━━━ Data for review

lemma reaches_lift_wf_term:
  assumes "wf_ta A" and "reaches A (lift u) q"
  shows "wf_term (sig A) u"
  using assms(2)
proof (induction u arbitrary: q)
  case (Fun f us)
  then obtain qs where qs: "(f, qs, q) \<in> delta A" "list_all2 (\<lambda>u. reaches A (lift u)) us qs"
    by (auto simp: reaches_Fun_iff list_all2_map1)
  then have "(f, length us) \<in> sig A"
    using assms(1) by (auto simp: wf_ta_def list_all2_lengthD)
  moreover have "wf_term (sig A) u" if u: "u \<in> set us" for u
  proof -
    obtain i where "i < length us" "u = us ! i" using u by (auto simp: in_set_conv_nth)
    then show ?thesis using Fun.IH[OF u] qs(2) by (auto dest: list_all2_nthD)
  qed
  ultimately show ?case by simp
qed simp

lemma inst_states_cong: "(\<And>x. x \<in> vars_term t \<Longrightarrow> \<alpha> x = \<beta> x) \<Longrightarrow> inst_states t \<alpha> = inst_states t \<beta>"
  by (induction t) auto
lemma sum_alternating_Gamma_ratio_eq_0:
  fixes u n m :: nat and p :: real
  assumes "m < n" and pn: "p > real n + real (u * n)"
  shows "(\<Sum>j\<le>n. (-1)^j * real (n choose j) * Gamma (p - real m - 1 - real (u * j)) /
            Gamma (p - real n - real (u * j)) * pochhammer (- real j) m) = 0"
proof -
  define g where "g x = pochhammer (-x) m * pochhammer ((p - real n) + (- real u) * x) (n - m - 1)"
    for x
  have "falling_poly m (\<lambda>x. pochhammer (-x) m)"
    using falling_poly_mult_pochhammer[OF falling_poly_const[of 1], where A = 0 and B = "-1"]
    by simp
  then have g_poly: "falling_poly (m + (n - m - 1)) g"
    unfolding g_def by (rule falling_poly_mult_pochhammer)
  have ratio: "Gamma (p - real m - 1 - real (u * j)) / Gamma (p - real n - real (u * j)) =
      pochhammer (p - real n + - real u * real j) (n - m - 1)" if "j \<le> n" for j
  proof -
    have "real (u * j) \<le> real (u * n)"
      using that by (simp add: mult_left_mono)
    then have pos: "p - real n - real (u * j) > 0"
      using pn by linarith
    have shift: "p - real n - real (u * j) + real (n - m - 1) = p - real m - 1 - real (u * j)"
      using \<open>m < n\<close> by (simp add: of_nat_diff)
    have "Gamma (p - real m - 1 - real (u * j)) =
        pochhammer (p - real n - real (u * j)) (n - m - 1) * Gamma (p - real n - real (u * j))"
      using Gamma_add_of_nat[OF pos, of "n - m - 1"] unfolding shift .
    then show ?thesis
      using Gamma_real_pos[OF pos] by (simp add: algebra_simps)
  qed
  have "(\<Sum>j\<le>n. (-1)^j * real (n choose j) * Gamma (p - real m - 1 - real (u * j)) /
            Gamma (p - real n - real (u * j)) * pochhammer (- real j) m) =
      (\<Sum>j\<le>n. (-1)^j * real (n choose j) * g (real j))"
  proof (intro sum.cong refl)
    fix j assume "j \<in> {..n}"
    then show "(-1)^j * real (n choose j) * Gamma (p - real m - 1 - real (u * j)) /
            Gamma (p - real n - real (u * j)) * pochhammer (- real j) m =
        (-1)^j * real (n choose j) * g (real j)"
      unfolding g_def ratio[of j, symmetric, OF \<open>j \<in> {..n}\<close>[simplified]] by simp
  qed
  also have "\<dots> = 0"
    using falling_poly_sum_alternating_choose_eq_0[OF g_poly] \<open>m < n\<close> by simp
  finally show ?thesis .
qed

━━━━━━

### What needs to be done:
Go through the records above and return every line that holds the string "assumes".

### Solution below:
  assumes "wf_ta A" and "reaches A (lift u) q"
  assumes "m < n" and pn: "p > real n + real (u * n)"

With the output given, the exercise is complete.